Politicking and the RM210 billion stock wipeout

(FMT) – While the US and China engage in a trade war which has taken its toll on Bursa Malaysia, the constant politicking and questions about a transfer of power is making things worse, says a fund manager. However, an academician says the market slump is because of fears of a recession.

Since the general election of May 2018, market capitalisation has fallen from RM1.62 trillion on May 9 last year to RM1.41 trillion on Thursday (Aug 29) — a “paper loss” of RM210 billion in capital value.

For the past 15 months government leaders have been under fire from the opposition, most notably former prime minister Najib Razak, who has repeatedly illustrated the difference between the stock market’s performance during his time and the present.

Fund manager Danny Wong (pic) says there is no need yet to panic over the stock market’s performance but believes less politicking and a clearer picture of how the government plans to grow the economy would help.

“Going by the FTSE Bursa Malaysia EMAS Index, which captures the broader market, market capitalisation went down from RM1.62 trillion on May 9, 2018 to RM1.41 trillion on Aug 29, 2019.

This 13% dip amounts to an RM210 billion loss, but this does not paint an accurate overall picture of the stock market.

“It is mostly the “big boys” who have taken a hit,” said Wong, who is chief executive of Areca Capital. He said big stocks went down by some 5% but some mid- and small-cap stocks are performing, with some showing increases in value of between 15% to 18%.

The drop in the bigger stocks he said also affect fund management institutions because they typically buy shares in such companies.

In the case of big stocks, Wong said that many are either controlled or associated to government-linked companies and changes in their board or leadership in the past year would have a short term effect on them.

“Also when it comes to external factors such as increase in cost or slow down in business, small or mid-cap companies are less vulnerable.”

The fall in capitalisation were only “paper losses” as they would be realised if the stocks were sold for a lower price than they were bought.

“For big stocks, people usually buy them for the long-haul, say like bank stocks, short term fluctuations don’t matter as people will see them as having the ability to generate revenue and rebound.”

Wong said the US-China trade war has had an impact on perceptions about the economy, as did the constant politicking and question marks over the transfer of power from Prime Minister Dr Mahathir Mohamad to Anwar Ibrahim.

“Will there be a change in leadership and as such policies?

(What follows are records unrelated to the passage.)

text \<open>Summing the renewal inequality over the \<open>m\<close> starting points \<open>L, \<dots>, L + m - 1\<close>,
  each inner sum telescopes to at most \<open>F L - F (L + 2 * m)\<close>.\<close>
lemma renewal_decay_step:
  fixes F :: "nat \<Rightarrow> real" and K :: real
  assumes K: "K \<ge> 2" and dec: "decseq F"
    and renewal: "\<And>j. F j \<le> (\<Sum>s = 1..m. K ^ s * (F (j + s - 1) - F (j + s)))"
  shows "(1 + m / (2 * K ^ m)) * F (L + 2 * m) \<le> F L"
proof -
  have F_anti: "F j \<le> F i" if "i \<le> j" for i j
    using dec that by (simp add: decseq_def)
  have telescope: "(\<Sum>i<m. F (L + i + s - 1) - F (L + i + s)) \<le> F L - F (L + 2 * m)"
    if s: "s \<in> {1..m}" for s
  proof -
    have "(\<Sum>i<m. F (L + i + s - 1) - F (L + i + s)) = F (L + s - 1) - F (L + s - 1 + m)"
      using s sum_lessThan_telescope'[of "\<lambda>i. F (L + s - 1 + i)" m]
      by (simp add: algebra_simps)
    also have "\<dots> \<le> F L - F (L + 2 * m)"
    proof -
      have "F (L + s - 1) \<le> F L" using s by (intro F_anti) auto
      moreover have "F (L + 2 * m) \<le> F (L + s - 1 + m)" using s by (intro F_anti) auto
      ultimately show ?thesis by linarith
    qed
    finally show ?thesis .
  qed
  have "m * F (L + 2 * m) \<le> (\<Sum>i<m. F (L + i))"
    using sum_mono[of "{..<m}" "\<lambda>_. F (L + 2 * m)" "\<lambda>i. F (L + i)"] F_anti by simp
  also have "\<dots> \<le> (\<Sum>i<m. \<Sum>s = 1..m. K ^ s * (F (L + i + s - 1) - F (L + i + s)))"
    using renewal[of "L + _"] by (intro sum_mono) (simp add: add.assoc)
  also have "\<dots> = (\<Sum>s = 1..m. K ^ s * (\<Sum>i<m. F (L + i + s - 1) - F (L + i + s)))"
    by (subst sum.swap) (simp add: sum_distrib_left)
  also have "\<dots> \<le> (\<Sum>s = 1..m. K ^ s) * (F L - F (L + 2 * m))"
    unfolding sum_distrib_right using K telescope by (intro sum_mono mult_left_mono) auto
  also have "\<dots> \<le> 2 * K ^ m * (F L - F (L + 2 * m))"
    using sum_power_le_twice_top[OF K] F_anti[of L "L + 2 * m"] by (intro mult_right_mono) auto
  finally have "m * F (L + 2 * m) \<le> 2 * K ^ m * (F L - F (L + 2 * m))" .
  moreover have "2 * K ^ m > 0" using K by simp
  ultimately have "m * F (L + 2 * m) / (2 * K ^ m) \<le> F L - F (L + 2 * m)"
    by (simp add: pos_divide_le_eq mult.commute)
  moreover have "(1 + m / (2 * K ^ m)) * F (L + 2 * m) = F (L + 2 * m) + m * F (L + 2 * m) / (2 * K ^ m)"
    by (simp add: ring_distribs)
  ultimately show ?thesis by linarith
qed

lemma decay_iterate:
  fixes F :: "nat \<Rightarrow> real" and a :: real
  assumes "a \<ge> 0" and "\<And>j. (1 + a) * F (j + d) \<le> F j"
  shows "F (d * t) \<le> F 0 / (1 + a) ^ t"
proof (induction t)
  case (Suc t)
  have "F (d * Suc t) \<le> F (d * t) / (1 + a)"
    using assms(1) assms(2)[of "d * t"] by (simp add: field_simps add.commute)
  also have "\<dots> \<le> F 0 / (1 + a) ^ t / (1 + a)"
    by (rule divide_right_mono) (use Suc assms(1) in auto)
  also have "\<dots> = F 0 / (1 + a) ^ Suc t"
    by (simp add: mult.commute)
  finally show ?case .
qed simp

lemma inverse_power_le_inverse_square:
  fixes a :: real
  assumes "a > 0" and "t \<ge> 1"
  shows "1 / (1 + a) ^ (2 * t) \<le> 1 / (t * a)\<^sup>2"
proof -
  have "t * a \<le> (1 + a) ^ t"
    using Bernoulli_inequality[of a t] assms by simp
  then have "(t * a)\<^sup>2 \<le> (1 + a) ^ (2 * t)"
    using assms by (simp add: power_mono power_mult mult.commute)
  then show ?thesis using assms by (simp add: frac_le)
qed

lemma renewal_decay:
  fixes F :: "nat \<Rightarrow> real" and K :: real
  assumes K: "K \<ge> 2" and m: "m \<ge> 1" and dec: "decseq F" and nonneg: "\<And>j. F j \<ge> 0"
    and renewal: "\<And>j. F j \<le> (\<Sum>s = 1..m. K ^ s * (F (j + s - 1) - F (j + s)))"
    and t: "t \<ge> 1" and L: "4 * m * t \<le> L"
  shows "F L \<le> 4 * K ^ (2 * m) * F 0 / (t * m)\<^sup>2"
proof -
  define a where "a = m / (2 * K ^ m)"
  have a: "a > 0" using K m by (simp add: a_def)
  have "F L \<le> F (2 * m * (2 * t))"
    using dec L by (simp add: decseq_def algebra_simps)
  also have "\<dots> \<le> F 0 / (1 + a) ^ (2 * t)"
    using renewal_decay_step[OF K dec renewal] a
    by (intro decay_iterate) (auto simp: a_def add.commute)
  also have "\<dots> \<le> F 0 / (t * a)\<^sup>2"
    using inverse_power_le_inverse_square[OF a t] nonneg[of 0]
    by (metis mult_left_mono times_divide_eq_right mult_1_right)
  also have "\<dots> = 4 * K ^ (2 * m) * F 0 / (t * m)\<^sup>2"
    using K by (simp add: a_def power_mult_distrib power_mult[symmetric] field_simps)
  finally show ?thesis .
qed

section \<open>Words avoiding a factor\<close>

definition words :: "'a set \<Rightarrow> nat \<Rightarrow> 'a list set" where
  "words A n = {w. length w = n \<and> set w \<subseteq> A}"

definition avoiding :: "'a set \<Rightarrow> 'a list \<Rightarrow> nat \<Rightarrow> 'a list set" where
  "avoiding A u n = {w \<in> words A n. \<not> sublist u w}"

definition minimal_containing :: "'a set \<Rightarrow> 'a list \<Rightarrow> nat \<Rightarrow> 'a list set" where
  "minimal_containing A u n = {w \<in> words A n. sublist u w \<and> \<not> sublist u (butlast w)}"

lemma finite_words [simp]: "finite A \<Longrightarrow> finite (words A n)"
  using finite_lists_length_eq[of A n] by (simp add: words_def conj_commute)

lemma card_words [simp]: "finite A \<Longrightarrow> card (words A n) = card A ^ n"
  using card_lists_length_eq[of A n] by (simp add: words_def conj_commute)

lemma finite_avoiding [simp]: "finite A \<Longrightarrow> finite (avoiding A u n)"
  by (simp add: avoiding_def)

lemma finite_minimal_containing [simp]: "finite A \<Longrightarrow> finite (minimal_containing A u n)"
  by (simp add: minimal_containing_def)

There is speculation that a telco giant may have to fork out billions as part of the National Fiberisation and Connectivity Plan (NCFP) and this will affect its revenue. Will this change if there was a change in leadership? These are questions investors will have.”

Politicking he said, fuelled uncertainty and this wasn’t good for investors.

“Sometimes the government wants to implement something and then it can’t because of politicking, tomorrow it’s something else that is politicised.”

Wong said the government would also be giving the stock market a boost if it shared its plans to grow the economy.

Stock slump because of fears of a recession, says academic

But economist Barjoyai Bardai has a different view, saying that while politics plays a role in the stock market performance, it isn’t substantial given that the country went through the most radical change in its political scenario with the change of government.

Barjoyai, who is with Universiti Tun Abdul Razak, said he does not believe the market is too concerned about smaller post-GE14 developments compared to external factors like the trade war and a sluggish global economy.

The slump in the Bursa Malaysia, he said was expected as the country is expecting a recession and that usually the stock market will experience a downturn before the overall economy does.

The government he adds, could come up with a stimulant, like a megaproject, to get the market excited but he doesn’t think it should.

“To me the government should allow a recession to happen and later let the stock market recover on its own.

“Recessions are a normal part of an economic cycle, the faster we face it the faster we recover and the stock market will be the first to recover.”